# Exercise objective
Work out how many lines of the listing below include the string "case", and give that number alone.

# Study material
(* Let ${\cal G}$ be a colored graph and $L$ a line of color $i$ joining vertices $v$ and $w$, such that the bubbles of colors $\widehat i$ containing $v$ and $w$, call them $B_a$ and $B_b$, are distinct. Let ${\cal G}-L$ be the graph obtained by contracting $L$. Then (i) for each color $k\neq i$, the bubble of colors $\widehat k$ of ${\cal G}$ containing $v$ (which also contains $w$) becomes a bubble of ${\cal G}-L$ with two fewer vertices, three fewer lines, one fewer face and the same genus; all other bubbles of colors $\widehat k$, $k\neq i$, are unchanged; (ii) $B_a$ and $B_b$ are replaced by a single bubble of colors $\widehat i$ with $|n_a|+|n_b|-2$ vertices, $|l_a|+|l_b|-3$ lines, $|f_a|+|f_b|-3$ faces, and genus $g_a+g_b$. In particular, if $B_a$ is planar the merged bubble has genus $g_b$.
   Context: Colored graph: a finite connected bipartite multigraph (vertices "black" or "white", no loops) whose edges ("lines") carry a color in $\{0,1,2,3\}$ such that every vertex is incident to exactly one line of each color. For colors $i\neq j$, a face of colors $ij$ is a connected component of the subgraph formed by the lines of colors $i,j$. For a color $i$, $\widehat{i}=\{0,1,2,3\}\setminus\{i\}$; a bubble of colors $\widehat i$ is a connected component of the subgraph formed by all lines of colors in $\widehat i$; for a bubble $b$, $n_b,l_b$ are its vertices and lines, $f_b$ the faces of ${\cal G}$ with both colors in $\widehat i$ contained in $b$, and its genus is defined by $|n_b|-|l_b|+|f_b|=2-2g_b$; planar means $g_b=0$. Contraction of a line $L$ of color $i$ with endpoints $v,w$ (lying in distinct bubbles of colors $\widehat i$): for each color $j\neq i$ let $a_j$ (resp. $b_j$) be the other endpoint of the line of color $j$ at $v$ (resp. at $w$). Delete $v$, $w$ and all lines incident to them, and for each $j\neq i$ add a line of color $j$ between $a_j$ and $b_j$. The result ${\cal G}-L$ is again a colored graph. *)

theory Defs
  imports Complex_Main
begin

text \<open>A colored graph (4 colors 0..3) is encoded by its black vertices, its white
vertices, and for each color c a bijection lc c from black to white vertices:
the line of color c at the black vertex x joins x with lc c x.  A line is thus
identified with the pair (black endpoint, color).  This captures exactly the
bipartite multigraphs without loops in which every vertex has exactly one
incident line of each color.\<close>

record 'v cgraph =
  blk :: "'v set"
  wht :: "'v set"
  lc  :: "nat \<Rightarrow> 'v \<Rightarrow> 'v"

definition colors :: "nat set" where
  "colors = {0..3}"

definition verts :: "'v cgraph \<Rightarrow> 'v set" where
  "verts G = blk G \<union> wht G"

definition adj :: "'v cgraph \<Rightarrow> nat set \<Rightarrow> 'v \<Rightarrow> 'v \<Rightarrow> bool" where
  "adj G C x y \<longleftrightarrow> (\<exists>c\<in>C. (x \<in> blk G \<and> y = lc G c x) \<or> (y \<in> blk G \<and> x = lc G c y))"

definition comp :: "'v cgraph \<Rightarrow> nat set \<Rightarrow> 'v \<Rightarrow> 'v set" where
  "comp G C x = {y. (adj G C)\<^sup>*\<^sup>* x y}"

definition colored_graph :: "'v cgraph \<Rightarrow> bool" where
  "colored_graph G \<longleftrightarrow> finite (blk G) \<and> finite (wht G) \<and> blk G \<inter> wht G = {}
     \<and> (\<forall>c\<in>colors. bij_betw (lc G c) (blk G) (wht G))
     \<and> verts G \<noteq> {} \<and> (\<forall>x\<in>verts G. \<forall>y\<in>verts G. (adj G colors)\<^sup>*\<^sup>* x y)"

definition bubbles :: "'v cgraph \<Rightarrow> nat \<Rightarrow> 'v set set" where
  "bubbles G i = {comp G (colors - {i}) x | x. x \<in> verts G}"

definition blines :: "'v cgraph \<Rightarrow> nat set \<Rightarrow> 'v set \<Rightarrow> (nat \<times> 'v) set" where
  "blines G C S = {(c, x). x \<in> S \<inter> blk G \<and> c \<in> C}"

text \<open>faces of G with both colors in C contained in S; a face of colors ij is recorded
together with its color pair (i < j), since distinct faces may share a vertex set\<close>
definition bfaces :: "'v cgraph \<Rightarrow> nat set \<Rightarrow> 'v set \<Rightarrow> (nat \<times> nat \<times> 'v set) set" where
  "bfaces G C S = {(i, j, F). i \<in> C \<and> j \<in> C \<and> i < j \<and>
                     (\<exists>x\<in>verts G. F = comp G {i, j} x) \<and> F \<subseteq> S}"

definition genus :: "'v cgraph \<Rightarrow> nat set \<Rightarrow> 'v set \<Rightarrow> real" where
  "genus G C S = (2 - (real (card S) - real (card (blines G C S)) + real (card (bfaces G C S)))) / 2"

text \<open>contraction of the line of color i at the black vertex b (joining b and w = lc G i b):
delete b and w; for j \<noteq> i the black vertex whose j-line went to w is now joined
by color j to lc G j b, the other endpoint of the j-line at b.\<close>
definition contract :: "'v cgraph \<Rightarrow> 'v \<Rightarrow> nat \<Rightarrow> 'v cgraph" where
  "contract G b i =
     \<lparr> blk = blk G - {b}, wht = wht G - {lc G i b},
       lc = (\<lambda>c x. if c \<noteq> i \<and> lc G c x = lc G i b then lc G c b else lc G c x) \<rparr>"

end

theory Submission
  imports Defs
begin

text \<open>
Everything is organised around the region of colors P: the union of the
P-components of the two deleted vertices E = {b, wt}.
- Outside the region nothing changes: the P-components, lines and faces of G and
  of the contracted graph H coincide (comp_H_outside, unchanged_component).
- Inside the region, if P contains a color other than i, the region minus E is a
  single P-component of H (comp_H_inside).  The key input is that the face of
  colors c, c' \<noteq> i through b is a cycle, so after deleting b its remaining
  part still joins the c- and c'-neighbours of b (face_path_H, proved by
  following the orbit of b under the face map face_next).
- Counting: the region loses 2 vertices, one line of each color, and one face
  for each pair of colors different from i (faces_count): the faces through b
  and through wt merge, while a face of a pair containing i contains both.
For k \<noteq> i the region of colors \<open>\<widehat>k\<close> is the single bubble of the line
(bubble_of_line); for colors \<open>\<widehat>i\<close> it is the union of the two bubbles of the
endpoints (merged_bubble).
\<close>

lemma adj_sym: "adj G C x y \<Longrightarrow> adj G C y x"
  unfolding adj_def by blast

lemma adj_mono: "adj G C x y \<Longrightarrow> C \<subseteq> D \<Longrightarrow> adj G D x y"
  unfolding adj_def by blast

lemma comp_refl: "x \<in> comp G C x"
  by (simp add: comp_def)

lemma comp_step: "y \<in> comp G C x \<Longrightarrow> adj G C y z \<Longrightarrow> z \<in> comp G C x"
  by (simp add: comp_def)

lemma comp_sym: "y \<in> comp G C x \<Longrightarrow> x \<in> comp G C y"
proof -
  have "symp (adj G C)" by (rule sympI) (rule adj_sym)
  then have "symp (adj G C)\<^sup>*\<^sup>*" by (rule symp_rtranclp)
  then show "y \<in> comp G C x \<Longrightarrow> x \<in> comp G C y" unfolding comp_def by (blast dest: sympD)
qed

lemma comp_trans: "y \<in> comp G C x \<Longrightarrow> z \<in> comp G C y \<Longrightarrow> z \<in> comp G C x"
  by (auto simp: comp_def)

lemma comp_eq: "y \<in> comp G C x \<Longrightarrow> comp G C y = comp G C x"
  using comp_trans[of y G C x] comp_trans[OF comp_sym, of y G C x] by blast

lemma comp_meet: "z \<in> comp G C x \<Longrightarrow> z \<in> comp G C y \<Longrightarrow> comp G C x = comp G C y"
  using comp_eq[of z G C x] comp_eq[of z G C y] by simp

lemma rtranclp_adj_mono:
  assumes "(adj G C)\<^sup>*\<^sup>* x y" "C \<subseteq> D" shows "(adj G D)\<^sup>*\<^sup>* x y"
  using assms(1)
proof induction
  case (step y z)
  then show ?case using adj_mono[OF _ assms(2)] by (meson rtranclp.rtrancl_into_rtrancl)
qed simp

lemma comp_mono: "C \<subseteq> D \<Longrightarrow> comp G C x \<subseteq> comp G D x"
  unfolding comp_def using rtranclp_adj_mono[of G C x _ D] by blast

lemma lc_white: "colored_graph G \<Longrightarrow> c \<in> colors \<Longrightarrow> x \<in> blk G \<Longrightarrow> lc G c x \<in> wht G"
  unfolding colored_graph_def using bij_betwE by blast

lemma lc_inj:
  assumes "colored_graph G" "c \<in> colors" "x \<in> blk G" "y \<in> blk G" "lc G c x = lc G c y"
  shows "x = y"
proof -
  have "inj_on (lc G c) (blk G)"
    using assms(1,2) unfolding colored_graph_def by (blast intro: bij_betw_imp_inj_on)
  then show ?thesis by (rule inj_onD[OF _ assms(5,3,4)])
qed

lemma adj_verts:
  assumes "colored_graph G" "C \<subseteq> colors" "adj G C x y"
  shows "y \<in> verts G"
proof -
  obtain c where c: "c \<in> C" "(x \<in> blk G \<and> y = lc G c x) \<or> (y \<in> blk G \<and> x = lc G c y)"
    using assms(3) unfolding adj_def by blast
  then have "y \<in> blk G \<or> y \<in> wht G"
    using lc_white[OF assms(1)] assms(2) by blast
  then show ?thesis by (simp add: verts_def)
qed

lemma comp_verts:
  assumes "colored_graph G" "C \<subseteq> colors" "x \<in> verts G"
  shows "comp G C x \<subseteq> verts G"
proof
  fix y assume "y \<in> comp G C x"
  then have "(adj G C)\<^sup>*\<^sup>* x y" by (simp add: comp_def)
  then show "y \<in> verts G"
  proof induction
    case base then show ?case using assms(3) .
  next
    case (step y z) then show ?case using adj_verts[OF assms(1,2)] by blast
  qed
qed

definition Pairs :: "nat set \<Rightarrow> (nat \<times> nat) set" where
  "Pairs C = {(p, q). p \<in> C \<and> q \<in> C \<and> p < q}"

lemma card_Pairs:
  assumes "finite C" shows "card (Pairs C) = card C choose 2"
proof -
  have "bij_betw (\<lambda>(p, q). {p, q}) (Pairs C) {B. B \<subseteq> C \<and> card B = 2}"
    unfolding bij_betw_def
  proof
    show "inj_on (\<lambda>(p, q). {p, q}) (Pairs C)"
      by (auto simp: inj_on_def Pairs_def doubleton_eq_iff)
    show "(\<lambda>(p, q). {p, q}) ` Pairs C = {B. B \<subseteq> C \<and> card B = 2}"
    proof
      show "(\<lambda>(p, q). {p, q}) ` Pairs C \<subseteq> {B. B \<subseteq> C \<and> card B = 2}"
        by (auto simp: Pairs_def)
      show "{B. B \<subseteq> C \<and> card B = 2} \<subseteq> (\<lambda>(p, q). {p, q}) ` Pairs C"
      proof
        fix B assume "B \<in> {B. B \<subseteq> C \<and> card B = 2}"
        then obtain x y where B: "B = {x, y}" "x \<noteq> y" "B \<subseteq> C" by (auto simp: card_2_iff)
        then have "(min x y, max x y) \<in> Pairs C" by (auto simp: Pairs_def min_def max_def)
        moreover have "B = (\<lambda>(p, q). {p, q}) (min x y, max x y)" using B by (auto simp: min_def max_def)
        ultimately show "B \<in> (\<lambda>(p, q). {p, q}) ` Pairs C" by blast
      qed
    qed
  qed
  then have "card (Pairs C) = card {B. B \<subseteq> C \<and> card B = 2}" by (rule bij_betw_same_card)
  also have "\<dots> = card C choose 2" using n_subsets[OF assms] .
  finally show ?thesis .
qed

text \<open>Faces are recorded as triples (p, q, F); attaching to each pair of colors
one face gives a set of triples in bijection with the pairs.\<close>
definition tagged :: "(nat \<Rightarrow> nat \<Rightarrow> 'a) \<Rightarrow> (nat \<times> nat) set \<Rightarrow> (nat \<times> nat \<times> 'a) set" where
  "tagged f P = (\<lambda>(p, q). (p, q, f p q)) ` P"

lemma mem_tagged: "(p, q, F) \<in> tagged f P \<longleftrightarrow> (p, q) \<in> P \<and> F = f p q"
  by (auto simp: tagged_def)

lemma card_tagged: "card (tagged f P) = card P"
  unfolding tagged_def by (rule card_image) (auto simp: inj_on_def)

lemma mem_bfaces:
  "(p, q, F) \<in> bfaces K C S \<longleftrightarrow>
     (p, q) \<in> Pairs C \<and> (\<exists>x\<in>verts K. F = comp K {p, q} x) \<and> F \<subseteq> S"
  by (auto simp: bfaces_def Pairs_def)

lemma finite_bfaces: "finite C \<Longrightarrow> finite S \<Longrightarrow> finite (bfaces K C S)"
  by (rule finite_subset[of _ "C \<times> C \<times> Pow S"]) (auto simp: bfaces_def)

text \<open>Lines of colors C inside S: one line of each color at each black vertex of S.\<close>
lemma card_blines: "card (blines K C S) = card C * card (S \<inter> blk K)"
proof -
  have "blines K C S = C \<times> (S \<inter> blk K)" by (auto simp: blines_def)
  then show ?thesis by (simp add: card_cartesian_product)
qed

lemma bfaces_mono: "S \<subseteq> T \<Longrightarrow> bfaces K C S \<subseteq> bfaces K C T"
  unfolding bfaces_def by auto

# Task answer
4